You're imposing on my argument a structure that it didn't have. My argument is that prima facie, analysing the concepts of effectiveness is not the most useful work that is presently to be done. If you look at my original post, it's clear that it had a parallel argument structure: i) this post seems mostly not new, and ii) posts of this kind are over-invested. It was well-hedged, and made lots of relative claims ("on the margin", "I am generally not very interested" etc. so it's really weird to be repeatedly told that I was arguing something else.

I think that's fine, but I think it's important not to frame this as merely a disagreement about what kinds of research should be done at the margin, since this is not the source of the disagreement.

The general disagreement about whether philosophical analysis is under-invested is source of about half of the disagreement. I've talked to Stefan and Ben, and I think that I was convinced that philosophical analysis was prima facie under-invested atm, then I would view analysis of principles of effectiveness a fair bit more favorably. I could imagine that if they became fully convinced that practical work was much more neglected then they might want to see more project proposals and literature reviews done too.

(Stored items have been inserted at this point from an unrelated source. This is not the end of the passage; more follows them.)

(* Every $4$-long affine liner is Playfair and regular.
   Context: A liner is a set $X$ of points with a family of subsets called lines such that any two distinct points lie in a unique line and every line contains at least two points. For distinct $x,y$, $\overline{xy}$ is the line through them and $\overline{xx}:=\{x\}$. A set is flat if it contains $\overline{xy}$ for all its distinct points; $\overline A$ is the smallest flat containing $A$; the rank $\|A\|$ is the smallest cardinality of $B\subseteq X$ with $A\subseteq\overline B$; a plane is a flat of rank 3. For $A\subseteq X$ and $y\in X$ put $\overline{Ay}=\bigcup_{a\in A}\overline{ay}$. $X$ is $4$-long if every line has at least $4$ points. $X$ is affine if for all $o,x,y\in X$ and $p\in\overline{xy}\setminus\overline{ox}$ there exists $u\in\overline{oy}$ such that for every $v\in\overline{oy}$: $u=v$ iff $\overline{vp}\cap\overline{ox}=\varnothing$. $X$ is Playfair if for every plane $P$, line $L\subseteq P$ and point $x\in P\setminus L$ there is a unique line $\Lambda$ with $x\in\Lambda\subseteq P\setminus L$. $X$ is regular if for every flat $A\subseteq X$ and points $a\in A$, $b\in X\setminus A$, we have $\overline{A\cup\{b\}}=\bigcup_{y\in\overline{ab}}\overline{Ay}$. *)

theory Defs
  imports Main
begin

definition liner :: "'a set \<Rightarrow> 'a set set \<Rightarrow> bool" where
  "liner X \<L> \<longleftrightarrow>
     (\<forall>L\<in>\<L>. L \<subseteq> X \<and> (\<exists>a b. a \<noteq> b \<and> a \<in> L \<and> b \<in> L)) \<and>
     (\<forall>x\<in>X. \<forall>y\<in>X. x \<noteq> y \<longrightarrow> (\<exists>!L. L \<in> \<L> \<and> x \<in> L \<and> y \<in> L))"

definition line :: "'a set set \<Rightarrow> 'a \<Rightarrow> 'a \<Rightarrow> 'a set" where
  "line \<L> x y = (if x = y then {x} else (THE L. L \<in> \<L> \<and> x \<in> L \<and> y \<in> L))"

definition flat :: "'a set \<Rightarrow> 'a set set \<Rightarrow> 'a set \<Rightarrow> bool" where
  "flat X \<L> A \<longleftrightarrow> A \<subseteq> X \<and> (\<forall>x\<in>A. \<forall>y\<in>A. x \<noteq> y \<longrightarrow> line \<L> x y \<subseteq> A)"

definition hull :: "'a set \<Rightarrow> 'a set set \<Rightarrow> 'a set \<Rightarrow> 'a set" where
  "hull X \<L> A = \<Inter> {F. flat X \<L> F \<and> A \<subseteq> F}"

definition has_rank :: "'a set \<Rightarrow> 'a set set \<Rightarrow> 'a set \<Rightarrow> nat \<Rightarrow> bool" where
  "has_rank X \<L> A n \<longleftrightarrow>
     (\<exists>B. B \<subseteq> X \<and> finite B \<and> card B = n \<and> A \<subseteq> hull X \<L> B) \<and>
     (\<forall>B. B \<subseteq> X \<and> finite B \<and> A \<subseteq> hull X \<L> B \<longrightarrow> n \<le> card B)"

definition plane :: "'a set \<Rightarrow> 'a set set \<Rightarrow> 'a set \<Rightarrow> bool" where
  "plane X \<L> P \<longleftrightarrow> flat X \<L> P \<and> has_rank X \<L> P 3"

definition cone :: "'a set set \<Rightarrow> 'a set \<Rightarrow> 'a \<Rightarrow> 'a set" where
  "cone \<L> A y = (\<Union>a\<in>A. line \<L> a y)"

definition four_long :: "'a set set \<Rightarrow> bool" where
  "four_long \<L> \<longleftrightarrow> (\<forall>L\<in>\<L>. infinite L \<or> 4 \<le> card L)"

definition affine_liner :: "'a set \<Rightarrow> 'a set set \<Rightarrow> bool" where
  "affine_liner X \<L> \<longleftrightarrow>
     (\<forall>z\<in>X. \<forall>x\<in>X. \<forall>y\<in>X. \<forall>p \<in> line \<L> x y - line \<L> z x.
        \<exists>u\<in>line \<L> z y. \<forall>v\<in>line \<L> z y.
          (u = v \<longleftrightarrow> line \<L> v p \<inter> line \<L> z x = {}))"

definition playfair :: "'a set \<Rightarrow> 'a set set \<Rightarrow> bool" where
  "playfair X \<L> \<longleftrightarrow>
     (\<forall>P L x. plane X \<L> P \<and> L \<in> \<L> \<and> L \<subseteq> P \<and> x \<in> P - L \<longrightarrow>
        (\<exists>!\<Lambda>. \<Lambda> \<in> \<L> \<and> x \<in> \<Lambda> \<and> \<Lambda> \<subseteq> P - L))"

definition regular :: "'a set \<Rightarrow> 'a set set \<Rightarrow> bool" where
  "regular X \<L> \<longleftrightarrow>
     (\<forall>A a b. flat X \<L> A \<and> a \<in> A \<and> b \<in> X - A \<longrightarrow>
        hull X \<L> (A \<union> {b}) = (\<Union>y\<in>line \<L> a b. cone \<L> A y))"

end

theory Submission
  imports Defs
begin

text \<open>
  Two lines \<open>L\<close> and \<open>M\<close> crossing at \<open>e\<close> span the set \<open>joins L M\<close> of all points on lines
  meeting both. The affine axiom, together with the fact that a line has a point avoiding any
  three given ones, shows that the line through \<open>e\<close> and any point of \<open>joins L M\<close> stays
  inside it. From this, \<open>joins L M\<close> is flat, equals \<open>joins N N'\<close> for any two lines crossing
  inside it, and contains no line missing both \<open>L\<close> and \<open>M\<close>; so parallels in it are unique.
  A plane of rank 3 is of this form, which gives the Playfair property.

  Regularity asks that \<open>joins A (join a b)\<close> be flat for a flat \<open>A\<close> and \<open>b \<notin> A\<close>. Any two of
  its points already lie in \<open>joins \<rho> D\<close> for \<open>D = join a b\<close> and a point, line or plane \<open>\<rho> \<subseteq> A\<close>
  through \<open>a\<close>, so the essential case is a plane \<open>\<rho>\<close> and a line \<open>D\<close> meeting it in one point
  \<open>m\<close>. Suppose \<open>t \<notin> joins \<rho> D\<close> lies on the line through \<open>w \<in> \<rho>\<close> and \<open>q0 \<in> joins \<rho> D\<close>.
  Then there is a line \<open>k \<subseteq> \<rho>\<close> through \<open>w\<close> such that the planes \<open>\<sigma> p\<close> through \<open>t\<close>, \<open>p\<close> and a
  fixed \<open>y1 \<in> D - {m}\<close>, for \<open>p \<in> k\<close>, cut \<open>\<rho>\<close> in pairwise disjoint lines avoiding \<open>m\<close>. But
  the parallel to \<open>\<sigma> w \<inter> \<rho>\<close> through \<open>m\<close> meets \<open>k\<close> in some \<open>p\<close>, and must then be
  \<open>\<sigma> p \<inter> \<rho>\<close>.
\<close>

locale four_long_affine_liner =
  fixes X :: "'a set" and \<L> :: "'a set set"
  assumes liner: "liner X \<L>" and four_long: "four_long \<L>" and affine: "affine_liner X \<L>"
begin

abbreviation join :: "'a \<Rightarrow> 'a \<Rightarrow> 'a set" where
  "join x y \<equiv> line \<L> x y"

subsection \<open>Lines\<close>

lemma line_subset: "L \<in> \<L> \<Longrightarrow> L \<subseteq> X"
  using liner unfolding liner_def by blast

lemma line_two_points:
  assumes "L \<in> \<L>"
  obtains a b where "a \<in> L" "b \<in> L" "a \<noteq> b"
  using conjunct1[OF liner[unfolded liner_def]] assms by blast

lemma line_other_point: "L \<in> \<L> \<Longrightarrow> \<exists>b\<in>L. b \<noteq> a"
  using liner unfolding liner_def by (metis (full_types))

lemma line_fourth_point:
  assumes "L \<in> \<L>" shows "\<exists>z\<in>L. z \<noteq> a \<and> z \<noteq> b \<and> z \<noteq> c"
proof (rule ccontr)
  assume "\<not> ?thesis"
  then have "L \<subseteq> {a, b, c}" by blast
  moreover have "card {a, b, c} \<le> 3"
    by (simp add: card_insert_if)
  ultimately have "finite L" "card L \<le> 3"
    using finite_subset card_mono[of "{a, b, c}" L] by fastforce+
  with assms four_long show False unfolding four_long_def by fastforce
qed

lemma unique_line: "x \<in> X \<Longrightarrow> y \<in> X \<Longrightarrow> x \<noteq> y \<Longrightarrow> \<exists>!L. L \<in> \<L> \<and> x \<in> L \<and> y \<in> L"
  using liner unfolding liner_def by simp

lemma join_self [simp]: "join x x = {x}"
  by (simp add: line_def)

lemma join_line:
  assumes "x \<in> X" "y \<in> X" "x \<noteq> y"
  shows "join x y \<in> \<L>" "x \<in> join x y" "y \<in> join x y"
  using theI'[OF unique_line[OF assms]] assms(3) by (simp_all add: line_def)

lemmas join_in_lines = join_line(1)

lemma left_in_join [simp]: "x \<in> X \<Longrightarrow> y \<in> X \<Longrightarrow> x \<in> join x y"
  using join_line(2) by (cases "x = y") auto

lemma right_in_join [simp]: "x \<in> X \<Longrightarrow> y \<in> X \<Longrightarrow> y \<in> join x y"
  using join_line(3) by (cases "x = y") auto

lemma join_commute: "join x y = join y x"
proof -
  have "(\<lambda>L. L \<in> \<L> \<and> x \<in> L \<and> y \<in> L) = (\<lambda>L. L \<in> \<L> \<and> y \<in> L \<and> x \<in> L)"
    by auto
  then show ?thesis unfolding line_def by simp
qed

lemma join_eq_line:
  assumes "L \<in> \<L>" "x \<in> L" "y \<in> L" "x \<noteq> y"
  shows "join x y = L"
proof -
  have "x \<in> X" "y \<in> X" using assms line_subset by auto
  then show ?thesis
    using the1_equality[OF unique_line] assms by (simp add: line_def)
qed

lemma lines_eq:
  assumes "L \<in> \<L>" "M \<in> \<L>" "a \<in> L" "a \<in> M" "b \<in> L" "b \<in> M" "a \<noteq> b"
  shows "L = M"
  using join_eq_line assms by metis

lemma join_subset_X: "x \<in> X \<Longrightarrow> y \<in> X \<Longrightarrow> join x y \<subseteq> X"
  using join_in_lines line_subset by (cases "x = y") auto

lemma join_subset_line: "L \<in> \<L> \<Longrightarrow> a \<in> L \<Longrightarrow> b \<in> L \<Longrightarrow> join a b \<subseteq> L"
  using join_eq_line by (cases "a = b") auto

lemma join_eq_join:
  assumes "x \<in> X" "y \<in> X" "p \<in> join x y" "q \<in> join x y" "p \<noteq> q"
  shows "join p q = join x y"
  using assms join_eq_line join_in_lines by (cases "x = y") auto

lemma join_eq_join_left:
  "x \<in> X \<Longrightarrow> y \<in> X \<Longrightarrow> a \<in> join x y \<Longrightarrow> a \<noteq> x \<Longrightarrow> join x a = join x y"
  by (rule join_eq_join) auto
(* Let $\mathcal{X}\in\mathbb{K}_l^{m\times n}$ and $\mathcal{Y}\in\mathbb{K}_l^{n\times p}$ be fixed tubal matrices, let $\tau\ge 1$, and let $\mathcal{S}\in\mathbb{K}_l^{n\times\tau}$, $\mathcal{D}\in\mathbb{K}_l^{\tau\times\tau}$ be the random sampling and rescaling tubal matrices generated from a probability distribution $\{\pi_i\}_{i=1}^n$ (with $\pi_i>0$) as described in the context. Suppose that for some $\beta\in(0,1]$ either $$\pi_i\ \ge\ \beta\,\frac{\|\mathcal{X}_{(:,i,:)}\|_F\,\|\mathcal{Y}_{(i,:,:)}\|_F}{\sum_{j=1}^n\|\mathcal{X}_{(:,j,:)}\|_F\,\|\mathcal{Y}_{(j,:,:)}\|_F}\quad\text{for all } i\in[n],$$ or $$\pi_i\ \ge\ \beta\,\frac{\|\mathcal{X}_{(:,i,:)}\|_F^2}{\|\mathcal{X}\|_F^2}\quad\text{for all } i\in[n].$$ Then $$\mathbf{E}\big[\|\mathcal{X}*\mathcal{Y}-\mathcal{X}*\mathcal{S}*\mathcal{D}*\mathcal{D}*\mathcal{S}^{T}*\mathcal{Y}\|_F^2\big]\ \le\ \frac{l}{\beta\tau}\,\|\mathcal{X}\|_F^2\,\|\mathcal{Y}\|_F^2 .$$
   Context: $\mathbb{K}_l^{n\times p}$ denotes $\mathbb{R}^{n\times p\times l}$ (third-order tensors, called tubal matrices); $\mathcal{X}_{(k)}=\mathcal{X}_{(:,:,k)}$ is the $k$-th frontal slice, and Matlab-style indexing is used for fibers and slices (e.g. $\mathcal{X}_{(:,i,:)}$ is the $i$-th lateral slice, $\mathcal{Y}_{(i,:,:)}$ the $i$-th horizontal slice). The t-product of $\mathcal{A}\in\mathbb{K}_l^{n\times p}$ and $\mathcal{B}\in\mathbb{K}_l^{p\times r}$ is $\mathcal{A}*\mathcal{B}=\mathrm{fold}(\mathrm{bcirc}(\mathcal{A})\,\mathrm{unfold}(\mathcal{B}))\in\mathbb{K}_l^{n\times r}$, where $\mathrm{bcirc}(\mathcal{A})$ is the $nl\times pl$ block-circulant matrix whose first block column is $(\mathcal{A}_{(1)};\mathcal{A}_{(2)};\dots;\mathcal{A}_{(l)})$ (block $(i,j)$ equals $\mathcal{A}_{((i-j \bmod l)+1)}$), $\mathrm{unfold}(\mathcal{B})=(\mathcal{B}_{(1)};\dots;\mathcal{B}_{(l)})$ stacked vertically, and $\mathrm{fold}$ inverts $\mathrm{unfold}$. The transpose $\mathcal{A}^T\in\mathbb{K}_l^{p\times n}$ has $(\mathcal{A}^T)_{(1)}=\mathcal{A}_{(1)}^T$ and $(\mathcal{A}^T)_{(k)}=\mathcal{A}_{(l-k+2)}^T$ for $k=2,\dots,l$. $\|\cdot\|_F$ is the square root of the sum of squares of all entries. Sampling construction: given a probability distribution $\{\pi_i\}_{i=1}^n$ on $[n]=\{1,\dots,n\}$ and an integer $\tau$, draw indices $i_1,\dots,i_\tau\in[n]$ independently with $\mathbf{P}(i_t=i)=\pi_i$ (sampling with replacement); $\mathcal{S}\in\mathbb{K}_l^{n\times\tau}$ has $\mathcal{S}_{(i_t,t,1)}=1$ for $t=1,\dots,\tau$ and all other entries zero; $\mathcal{D}\in\mathbb{K}_l^{\tau\times\tau}$ has $\mathcal{D}_{(t,t,1)}=1/\sqrt{\tau\pi_{i_t}}$ for $t=1,\dots,\tau$ and all other entries zero. *)

theory Defs
  imports Complex_Main "HOL-Library.FuncSet"
begin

Comment author: Zeke_Sherman 28 March 2017 05:53:25PM *  1 point [-]

Thanks for the comments.

Evolution doesn't really select against what we value, it just selects for agents that want to acquire resources and are patient. This may cut away some of our selfish values, but mostly leaves unchanged our preferences about distant generations.

Evolution favors replication. But patience and resource acquisition aren't obviously correlated with any sort of value; if anything, better resource-acquirers are destructive and competitive. The claim isn't that evolution is intrinsically "against" any particular value, it's that it's extremely unlikely to optimize for any particular value, and the failure to do so nearly perfectly is catastrophic. Furthermore, competitive dynamics lead to systematic failures. See the citation.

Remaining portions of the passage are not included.